And they did it in style.

Alley-oops, crazy dunks and winning over the fans of Philly was the recipe for success for the Eagles. But it was the dunks that garnered the most national attention.

The most popular dunk came against Georgetown with 1:55 left in the game with FGCU up seven. Sophomore Brett Comer threw an alley-oop to junior Chase Fieler that got everyone off their seats and on FGCU’s team.

“I’ve got some crazy dudes on my team,” Enfield said.  “When he [Comer] threw that ball, I thought it was coming to me. I was like, ‘where is that going?’ I don’t know where that ball is going half the time, but it usually winds up in a guy’s hand and he’s either dunking or laying it in. I’m like ‘great pass Brett.’”

After the game, that was the talk, well, besides the upset of course. Everyone asked, “Why would Comer throw that pass? Georgetown was going to foul.”

“It was a little risky,” Enfield said. “But that’s our style. We have a lot of risk-reward with pushing the ball like this.”

The Philly faithful weren’t the only ones who got to see the high-flying action of FGCU.  About 50 students took a 23-hour bus ride up to Philadelphia to cheer on FGCU.

“Despite how long we were in the bus it was exciting the whole time,” FGCU freshman Jon Lupinacci said. 

The students cut it close.  They got to the Wells Fargo Center at 6:15 p.m., just 35 minutes before tip-off. Lupinacci said they stopped a total of four times in the 23-hour drive:  Three to exchange bus drivers and one stop for food. 

Although the original plan was to leave after the game, win or lose, Student Government president Peter Cuderman lobbied and figured out a way to stay.

“We had to stay,” Cuderman said.

Cuderman said that all the students had to do was pay for a ticket for Sunday’s game and that an FGCU booster had paid for the six hotel rooms required.

The students and the Philly faithful were not disappointed when FGCU faced off against No. 7 seeded SDSU.

“I don’t think it’s really sunk in to any of us yet,” said sophomore guard Brett Comer, who had a career high 14 assists against SDSU. “Right now we are on an emotional high it’s hard to come down from.”

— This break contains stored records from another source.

lemma irreducible_in_of_int_coeffs:
  fixes g :: "rat \<Rightarrow>\<^sub>0 int"
  assumes irr: "irreducible_in (monoid_algebra M) g" and "primitive g"
  shows "irreducible_in (monoid_algebra M) (of_int_coeffs g :: rat \<Rightarrow>\<^sub>0 rat)"
proof -
  have g: "g \<in> monoid_algebra M" "g \<noteq> 0" "\<not> unit_in (monoid_algebra M) g"
    and split: "\<And>A B. A \<in> monoid_algebra M \<Longrightarrow> B \<in> monoid_algebra M \<Longrightarrow> g = A * B \<Longrightarrow>
      unit_in (monoid_algebra M) A \<or> unit_in (monoid_algebra M) B"
    using irr by (auto simp: irreducible_in_def)
  have "unit_in (monoid_algebra M) a \<or> unit_in (monoid_algebra M) b"
    if a: "a \<in> monoid_algebra M" and b: "b \<in> monoid_algebra M" and ab: "of_int_coeffs g = a * b"
    for a b :: "rat \<Rightarrow>\<^sub>0 rat"
  proof -
    obtain A B where "g = A * B" and keys_A: "Poly_Mapping.keys A = Poly_Mapping.keys a"
      and keys_B: "Poly_Mapping.keys B = Poly_Mapping.keys b"
      using integral_factorization_of_primitive[OF \<open>primitive g\<close> ab] by blast
    moreover have "A \<in> monoid_algebra M" "B \<in> monoid_algebra M"
      using a b keys_A keys_B monoid_algebra_keys_cong by blast+
    ultimately have "unit_in (monoid_algebra M) A \<or> unit_in (monoid_algebra M) B"
      using split by blast
    then have "Poly_Mapping.keys a \<subseteq> {0} \<or> Poly_Mapping.keys b \<subseteq> {0}"
      using keys_subset_zero_if_unit_in keys_A keys_B by metis
    moreover have "a \<noteq> 0" "b \<noteq> 0"
      using ab g(2) by auto
    ultimately show ?thesis
      using a b by (auto simp: unit_in_monoid_algebra_field_iff)
  qed
  then show ?thesis
    using g \<open>primitive g\<close> of_int_coeffs_not_unit_in
    by (auto simp: irreducible_in_def monoid_algebra_def)
qed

After the game, the campus erupted in celebrations.  Many students gathered in North Lake and celebrated FGCU’s victory.  They stood on cars, did chants and were part of WINK News’ live broadcast. 

Transfer Jamail Jones, who had to sit out a year due to NCAA transfer rules, was in the middle of the celebrations.

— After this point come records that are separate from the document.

(* Let $K$ be a Markov kernel from $(\mathbb{R}^d,\mathcal{B}(\mathbb{R}^d))$ to $(\mathbb{R}^{2d},\mathcal{B}(\mathbb{R}^{2d}))$, let $\alpha:\mathbb{R}^d\times\mathbb{R}^{2d}\to[0,1]$ be Borel measurable, and let $P$ be the Markov kernel on $\mathbb{R}^d$ given by $$P(q,A)=\int 1_A(\mathrm{proj}(z))\alpha(q,z)K(q,dz)+\delta_q(A)\int\{1-\alpha(q,z)\}K(q,dz).$$ Let $V:\mathbb{R}^d\to[1,\infty)$ be measurable, extended to $\mathbb{R}^{2d}$ by $V(q,p)=V(q)$, and for $q\in\mathbb{R}^d$ let $\mathscr R(q)=\{z\in\mathbb{R}^{2d}:\alpha(q,z)<1\}$ and $\mathscr B(q)=\{z\in\mathbb{R}^{2d}:V(\mathrm{proj}(z))\le V(q)\}$. Assume there exist $\lambda\in[0,1)$ and $b\ge0$ such that $KV\le\lambda V+b$ and $$\lim_{M\to\infty}\sup_{\{q:V(q)\ge M\}}K(q,\mathscr R(q)\cap\mathscr B(q))=0.$$ Then there exist $\tilde\lambda\in[0,1)$ and $\tilde b\ge0$ such that $PV\le\tilde\lambda V+\tilde b$.
   Context: $\mathrm{proj}:\mathbb{R}^d\times\mathbb{R}^d\to\mathbb{R}^d$ is the projection onto the first $d$ coordinates. $KV(q)=\int V(z)K(q,dz)$. *)

theory Defs
  imports "HOL-Probability.Probability"
begin

definition mh_kernel ::
  "('a::euclidean_space \<Rightarrow> ('a \<times> 'a) measure) \<Rightarrow> ('a \<Rightarrow> 'a \<times> 'a \<Rightarrow> real) \<Rightarrow> 'a \<Rightarrow> 'a measure"
  where
  "mh_kernel K \<alpha> q = measure_of UNIV (sets borel)
     (\<lambda>A. (\<integral>\<^sup>+ z. indicator A (fst z) * ennreal (\<alpha> q z) \<partial>K q)
          + indicator A q * (\<integral>\<^sup>+ z. ennreal (1 - \<alpha> q z) \<partial>K q))"

end

theory Submission imports Defs begin

text \<open>If the proposal z lands in the set where a move may be rejected and does not increase V,
  we pay at most V q extra; elsewhere either the move is always accepted or V increases, and
  in both cases the convex combination of V (fst z) and V q is at most V (fst z). The limit
  hypothesis makes the extra cost a small multiple of V q when V q is large, while for small
  V q it is absorbed into the constant.\<close>

definition mh_mixture :: "('a::euclidean_space \<times> 'a) measure \<Rightarrow> ('a \<times> 'a \<Rightarrow> real) \<Rightarrow> 'a \<Rightarrow> 'a measure"
  where "mh_mixture M a q =
    distr (density (M \<Otimes>\<^sub>M count_space UNIV) (\<lambda>(z, c). if c then ennreal (a z) else ennreal (1 - a z)))
      borel (\<lambda>(z, c). if c then fst z else q)"
  \<comment> \<open>The flag c records acceptance (probability a z, move to fst z) or rejection (stay at q).\<close>

lemma sets_mh_mixture [simp]: "sets (mh_mixture M a q) = sets borel"
  by (simp add: mh_mixture_def)

lemma sets_mh_kernel [simp]: "sets (mh_kernel K \<alpha> q) = sets borel"
  by (simp add: mh_kernel_def sets_measure_of sets.sigma_sets_eq[of borel, simplified])

lemma nn_integral_mh_mixture:
  fixes M :: "('a::euclidean_space \<times> 'a) measure"
  assumes sets_M: "sets M = sets borel"
    and a_meas: "a \<in> borel_measurable borel"
    and h_meas [measurable]: "h \<in> borel_measurable borel"
  shows "(\<integral>\<^sup>+ y. h y \<partial>mh_mixture M a q)
       = (\<integral>\<^sup>+ z. ennreal (a z) * h (fst z) + ennreal (1 - a z) * h q \<partial>M)"
proof -
  have [measurable]: "a \<in> borel_measurable M"
    using a_meas measurable_cong_sets[OF sets_M refl] by blast
  have [measurable]: "fst \<in> M \<rightarrow>\<^sub>M borel"
    by (subst measurable_cong_sets[OF sets_M refl]) (simp_all add: borel_prod[symmetric])
  let ?g = "\<lambda>(z, c). if c then ennreal (a z) else ennreal (1 - a z)"
  let ?f = "\<lambda>(z, c). if c then fst z else q"
  have "(\<integral>\<^sup>+ y. h y \<partial>mh_mixture M a q) = (\<integral>\<^sup>+ x. ?g x * h (?f x) \<partial>(M \<Otimes>\<^sub>M count_space UNIV))"
    by (simp add: mh_mixture_def nn_integral_distr nn_integral_density)
  also have "\<dots> = (\<integral>\<^sup>+ z. \<integral>\<^sup>+ c. ?g (z, c) * h (?f (z, c)) \<partial>count_space UNIV \<partial>M)"
    by (rule sigma_finite_measure.nn_integral_fst[symmetric])
       (auto intro: sigma_finite_measure_count_space_finite)
  also have "\<dots> = (\<integral>\<^sup>+ z. ennreal (a z) * h (fst z) + ennreal (1 - a z) * h q \<partial>M)"
    by (rule nn_integral_cong) (simp add: nn_integral_count_space_finite UNIV_bool add.commute)
  finally show ?thesis .
qed

text \<open>Only an inequality: measure_of yields the given set function only if it is
  countably additive, and the zero measure otherwise.\<close>

lemma mh_kernel_le_mh_mixture:
  assumes sets_K: "sets (K q) = sets borel"
    and \<alpha>_meas: "\<alpha> q \<in> borel_measurable borel"
  shows "mh_kernel K \<alpha> q \<le> mh_mixture (K q) (\<alpha> q) q"
proof (subst le_measure, simp, intro ballI)
  have [measurable]: "\<alpha> q \<in> borel_measurable (K q)"
    using \<alpha>_meas measurable_cong_sets[OF sets_K refl] by blast
  have [measurable]: "fst \<in> K q \<rightarrow>\<^sub>M borel"
    by (subst measurable_cong_sets[OF sets_K refl]) (simp_all add: borel_prod[symmetric])
  fix A assume "A \<in> sets (mh_kernel K \<alpha> q)"
  then have [measurable]: "A \<in> sets borel" by simp
  have "emeasure (mh_mixture (K q) (\<alpha> q) q) A = (\<integral>\<^sup>+ y. indicator A y \<partial>mh_mixture (K q) (\<alpha> q) q)"
    by (simp add: nn_integral_indicator)
  also have "\<dots> = (\<integral>\<^sup>+ z. ennreal (\<alpha> q z) * indicator A (fst z) + ennreal (1 - \<alpha> q z) * indicator A q \<partial>K q)"
    by (rule nn_integral_mh_mixture[OF sets_K \<alpha>_meas]) measurable
  also have "\<dots> = (\<integral>\<^sup>+ z. indicator A (fst z) * ennreal (\<alpha> q z) \<partial>K q)
      + indicator A q * (\<integral>\<^sup>+ z. ennreal (1 - \<alpha> q z) \<partial>K q)"
    by (subst nn_integral_add) (auto simp: nn_integral_cmult mult.commute)
  finally show "emeasure (mh_kernel K \<alpha> q) A \<le> emeasure (mh_mixture (K q) (\<alpha> q) q) A"
    unfolding mh_kernel_def emeasure_measure_of_conv by auto
qed

lemma nn_integral_mh_kernel_le:
  assumes sets_K: "sets (K q) = sets borel"
    and \<alpha>_meas: "\<alpha> q \<in> borel_measurable borel"
    and h_meas: "h \<in> borel_measurable borel"
  shows "(\<integral>\<^sup>+ y. h y \<partial>mh_kernel K \<alpha> q)
     \<le> (\<integral>\<^sup>+ z. ennreal (\<alpha> q z) * h (fst z) + ennreal (1 - \<alpha> q z) * h q \<partial>K q)"
  using nn_integral_mono_measure[OF _ mh_kernel_le_mh_mixture[where K=K and \<alpha>=\<alpha>, OF sets_K \<alpha>_meas], of h]
    nn_integral_mh_mixture[OF sets_K \<alpha>_meas h_meas]
  by simp

lemma convex_combination_le_rejection_cost:
  fixes a v w :: real
  assumes "0 \<le> a" "a \<le> 1" "0 \<le> v"
  shows "a * v + (1 - a) * w \<le> v + (if a < 1 \<and> v \<le> w then w else 0)"
proof (cases "a < 1 \<and> v \<le> w")
  case True
  then have "a * v \<le> a * w" using assms by (simp add: mult_left_mono)
  then show ?thesis using True assms by (simp add: algebra_simps)
next
  case False
  then have "a = 1 \<or> w < v" using assms by auto
  then show ?thesis
  proof
    assume "w < v"
    then have "(1 - a) * w \<le> (1 - a) * v" using assms by (simp add: mult_left_mono)
    then show ?thesis using False by (simp add: algebra_simps del: de_Morgan_conj)
  qed (use False in simp)
qed

lemma nn_integral_mh_kernel_le_rejection:
  fixes K :: "'a::euclidean_space \<Rightarrow> ('a \<times> 'a) measure"
  assumes sets_K: "sets (K q) = sets borel"
    and \<alpha>_meas [measurable]: "\<alpha> q \<in> borel_measurable borel"
    and \<alpha>_range: "\<And>z. 0 \<le> \<alpha> q z \<and> \<alpha> q z \<le> 1"
    and V_meas [measurable]: "V \<in> borel_measurable borel"
    and V_nonneg: "\<And>x. 0 \<le> V x"
  shows "(\<integral>\<^sup>+ y. ennreal (V y) \<partial>mh_kernel K \<alpha> q)
     \<le> (\<integral>\<^sup>+ z. ennreal (V (fst z)) \<partial>K q)
        + ennreal (V q) * emeasure (K q) ({z. \<alpha> q z < 1} \<inter> {z. V (fst z) \<le> V q})"
proof -
  define R where "R = {z. \<alpha> q z < 1} \<inter> {z. V (fst z) \<le> V q}"
  have [measurable]: "fst \<in> (borel :: ('a \<times> 'a) measure) \<rightarrow>\<^sub>M borel"
    by (simp add: borel_prod[symmetric])
  have R_sets: "R \<in> sets (K q)"
    unfolding sets_K R_def by measurable
  have V_fst_meas: "(\<lambda>z. ennreal (V (fst z))) \<in> borel_measurable (K q)"
    unfolding measurable_cong_sets[OF sets_K refl] by measurable
  have pointwise: "ennreal (\<alpha> q z) * ennreal (V (fst z)) + ennreal (1 - \<alpha> q z) * ennreal (V q)
      \<le> ennreal (V (fst z)) + ennreal (V q) * indicator R z" for z
  proof -
    have "\<alpha> q z * V (fst z) + (1 - \<alpha> q z) * V q
        \<le> V (fst z) + (if \<alpha> q z < 1 \<and> V (fst z) \<le> V q then V q else 0)"
      using convex_combination_le_rejection_cost \<alpha>_range V_nonneg by blast
    moreover have "V q * indicator R z = (if \<alpha> q z < 1 \<and> V (fst z) \<le> V q then V q else 0)"
      by (simp add: R_def)
    ultimately have real_le: "\<alpha> q z * V (fst z) + (1 - \<alpha> q z) * V q \<le> V (fst z) + V q * indicator R z"
      by (simp only:)
    have "ennreal (\<alpha> q z) * ennreal (V (fst z)) + ennreal (1 - \<alpha> q z) * ennreal (V q)
        = ennreal (\<alpha> q z * V (fst z) + (1 - \<alpha> q z) * V q)"
      using \<alpha>_range[of z] V_nonneg by (simp add: ennreal_plus ennreal_mult)
    also have "\<dots> \<le> ennreal (V (fst z) + V q * indicator R z)"
      using real_le by (rule ennreal_leI)
    also have "\<dots> = ennreal (V (fst z)) + ennreal (V q) * indicator R z"
      using V_nonneg by (cases "z \<in> R") (simp_all add: ennreal_plus)
    finally show ?thesis .
  qed
  have "(\<integral>\<^sup>+ y. ennreal (V y) \<partial>mh_kernel K \<alpha> q)
     \<le> (\<integral>\<^sup>+ z. ennreal (\<alpha> q z) * ennreal (V (fst z)) + ennreal (1 - \<alpha> q z) * ennreal (V q) \<partial>K q)"
    by (rule nn_integral_mh_kernel_le[where K=K and \<alpha>=\<alpha>, OF sets_K \<alpha>_meas]) measurable
  also have "\<dots> \<le> (\<integral>\<^sup>+ z. ennreal (V (fst z)) + ennreal (V q) * indicator R z \<partial>K q)"
    by (rule nn_integral_mono) (rule pointwise)
  also have "\<dots> = (\<integral>\<^sup>+ z. ennreal (V (fst z)) \<partial>K q) + ennreal (V q) * emeasure (K q) R"
    using R_sets V_fst_meas by (simp add: nn_integral_add nn_integral_cmult_indicator)
  finally show ?thesis unfolding R_def .
qed

lemma drift_condition_perturbed:
  fixes f r :: "'a \<Rightarrow> ennreal" and V :: "'a \<Rightarrow> real"
  assumes f_le: "\<And>q. f q \<le> ennreal (lam * V q + b) + ennreal (V q) * r q"
    and r_le_1: "\<And>q. r q \<le> 1"
    and r_lim: "((\<lambda>M. SUP q\<in>{q. V q \<ge> M}. r q) \<longlongrightarrow> 0) at_top"
    and V_nonneg: "\<And>q. 0 \<le> V q"
    and lam_range: "0 \<le> lam" "lam < 1"
    and b_nonneg: "0 \<le> b"
  shows "\<exists>lam' b'. 0 \<le> lam' \<and> lam' < 1 \<and> 0 \<le> b' \<and> (\<forall>q. f q \<le> ennreal (lam' * V q + b'))"
proof -
  define \<epsilon> where "\<epsilon> = (1 - lam) / 2"
  have \<epsilon>_pos: "\<epsilon> > 0" using lam_range by (simp add: \<epsilon>_def)
  obtain M where M: "\<And>M'. M' \<ge> M \<Longrightarrow> (SUP q\<in>{q. V q \<ge> M'}. r q) < ennreal \<epsilon>"
    using order_tendstoD(2)[OF r_lim, of "ennreal \<epsilon>"] \<epsilon>_pos
    by (auto simp: eventually_at_top_linorder)
  have "f q \<le> ennreal ((lam + \<epsilon>) * V q + (b + \<bar>M\<bar>))" for q
  proof -
    have "ennreal (V q) * r q \<le> ennreal (\<epsilon> * V q + \<bar>M\<bar>)"
    proof (cases "V q \<ge> M")
      case True
      have "r q \<le> (SUP q\<in>{q. V q \<ge> M}. r q)" using True by (intro SUP_upper) auto
      also have "\<dots> \<le> ennreal \<epsilon>" using M[of M] by simp
      finally have "ennreal (V q) * r q \<le> ennreal (V q) * ennreal \<epsilon>" by (rule mult_left_mono) simp
      also have "\<dots> = ennreal (\<epsilon> * V q)"
        using V_nonneg[of q] \<epsilon>_pos by (simp add: ennreal_mult mult.commute)
      also have "\<dots> \<le> ennreal (\<epsilon> * V q + \<bar>M\<bar>)"
        by (rule ennreal_leI) simp
      finally show ?thesis .
    next
      case False
      have "ennreal (V q) * r q \<le> ennreal (V q)"
        using mult_left_mono[OF r_le_1[of q], of "ennreal (V q)"] by simp
      also have "\<dots> \<le> ennreal (\<epsilon> * V q + \<bar>M\<bar>)"
        using False V_nonneg[of q] \<epsilon>_pos by (intro ennreal_leI) (simp add: add_increasing)
      finally show ?thesis .
    qed
    then have "f q \<le> ennreal (lam * V q + b) + ennreal (\<epsilon> * V q + \<bar>M\<bar>)"
      by (rule order_trans[OF f_le[of q] add_left_mono])
    also have "\<dots> = ennreal ((lam + \<epsilon>) * V q + (b + \<bar>M\<bar>))"
      using V_nonneg[of q] lam_range b_nonneg \<epsilon>_pos
      by (subst ennreal_plus[symmetric]) (simp_all add: algebra_simps)
    finally show ?thesis .
  qed
  moreover have "0 \<le> lam + \<epsilon>" "lam + \<epsilon> < 1" "0 \<le> b + \<bar>M\<bar>"
    using lam_range b_nonneg \<epsilon>_pos by (auto simp: \<epsilon>_def field_simps)
  ultimately show ?thesis by blast
qed

theorem proposition5:
  fixes K :: "'a::euclidean_space \<Rightarrow> ('a \<times> 'a) measure"
    and \<alpha> :: "'a \<Rightarrow> 'a \<times> 'a \<Rightarrow> real"
    and V :: "'a \<Rightarrow> real"
    and lam b :: real
  assumes K_kernel: "K \<in> borel \<rightarrow>\<^sub>M prob_algebra borel"
    and \<alpha>_meas: "(\<lambda>(q, z). \<alpha> q z) \<in> borel_measurable borel"
    and \<alpha>_range: "\<And>q z. 0 \<le> \<alpha> q z \<and> \<alpha> q z \<le> 1"
    and V_meas: "V \<in> borel_measurable borel"
    and V_ge1: "\<And>q. V q \<ge> 1"
    and lam_range: "0 \<le> lam" "lam < 1"
    and b_nonneg: "0 \<le> b"
    and drift_K: "\<And>q. (\<integral>\<^sup>+ z. ennreal (V (fst z)) \<partial>K q) \<le> ennreal (lam * V q + b)"
    and lim_RB: "((\<lambda>M. SUP q\<in>{q. V q \<ge> M}.
                     emeasure (K q) ({z. \<alpha> q z < 1} \<inter> {z. V (fst z) \<le> V q}))
                  \<longlongrightarrow> 0) at_top"
  shows "\<exists>lam' b'. 0 \<le> lam' \<and> lam' < 1 \<and> 0 \<le> b' \<and>
           (\<forall>q. (\<integral>\<^sup>+ y. ennreal (V y) \<partial>mh_kernel K \<alpha> q) \<le> ennreal (lam' * V q + b'))"
proof -
  have V_nonneg: "0 \<le> V q" for q
    using V_ge1[of q] by linarith
  have "(\<integral>\<^sup>+ y. ennreal (V y) \<partial>mh_kernel K \<alpha> q)
     \<le> ennreal (lam * V q + b) + ennreal (V q) * emeasure (K q) ({z. \<alpha> q z < 1} \<inter> {z. V (fst z) \<le> V q})"
    and "emeasure (K q) ({z. \<alpha> q z < 1} \<inter> {z. V (fst z) \<le> V q}) \<le> 1" for q
  proof -
    have K_q: "sets (K q) = sets borel" "prob_space (K q)"
      using measurable_space[OF K_kernel, of q] by (simp_all add: space_prob_algebra)
    have "(\<lambda>z. (q, z)) \<in> (borel :: ('a \<times> 'a) measure) \<rightarrow>\<^sub>M borel"
      by (simp add: borel_prod[symmetric])
    from measurable_compose[OF this \<alpha>_meas] have "\<alpha> q \<in> borel_measurable borel"
      by simp
    from nn_integral_mh_kernel_le_rejection[where K=K and \<alpha>=\<alpha>, OF K_q(1) this \<alpha>_range V_meas V_nonneg]
    show "(\<integral>\<^sup>+ y. ennreal (V y) \<partial>mh_kernel K \<alpha> q)
      \<le> ennreal (lam * V q + b) + ennreal (V q) * emeasure (K q) ({z. \<alpha> q z < 1} \<inter> {z. V (fst z) \<le> V q})"
      by (rule order_trans) (rule add_right_mono[OF drift_K])
    show "emeasure (K q) ({z. \<alpha> q z < 1} \<inter> {z. V (fst z) \<le> V q}) \<le> 1"
      using K_q(2) by (rule prob_space.emeasure_le_1)
  qed
  then show ?thesis
    by (rule drift_condition_perturbed[OF _ _ lim_RB V_nonneg lam_range b_nonneg])
qed

end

“I feel like a proud father right now,” Jones said. “I grind every day with this team, and I actually see it blossoming from the outside in, and it’s very exciting.”

On Monday, FGCU had a pep rally at Alico Arena in front of an estimated crowd of 2,500 students to celebrate the Sweet 16 birth. The pep rally was also aired live on ESPN in the prime TV spot, the 6 p.m. edition of SportsCenter.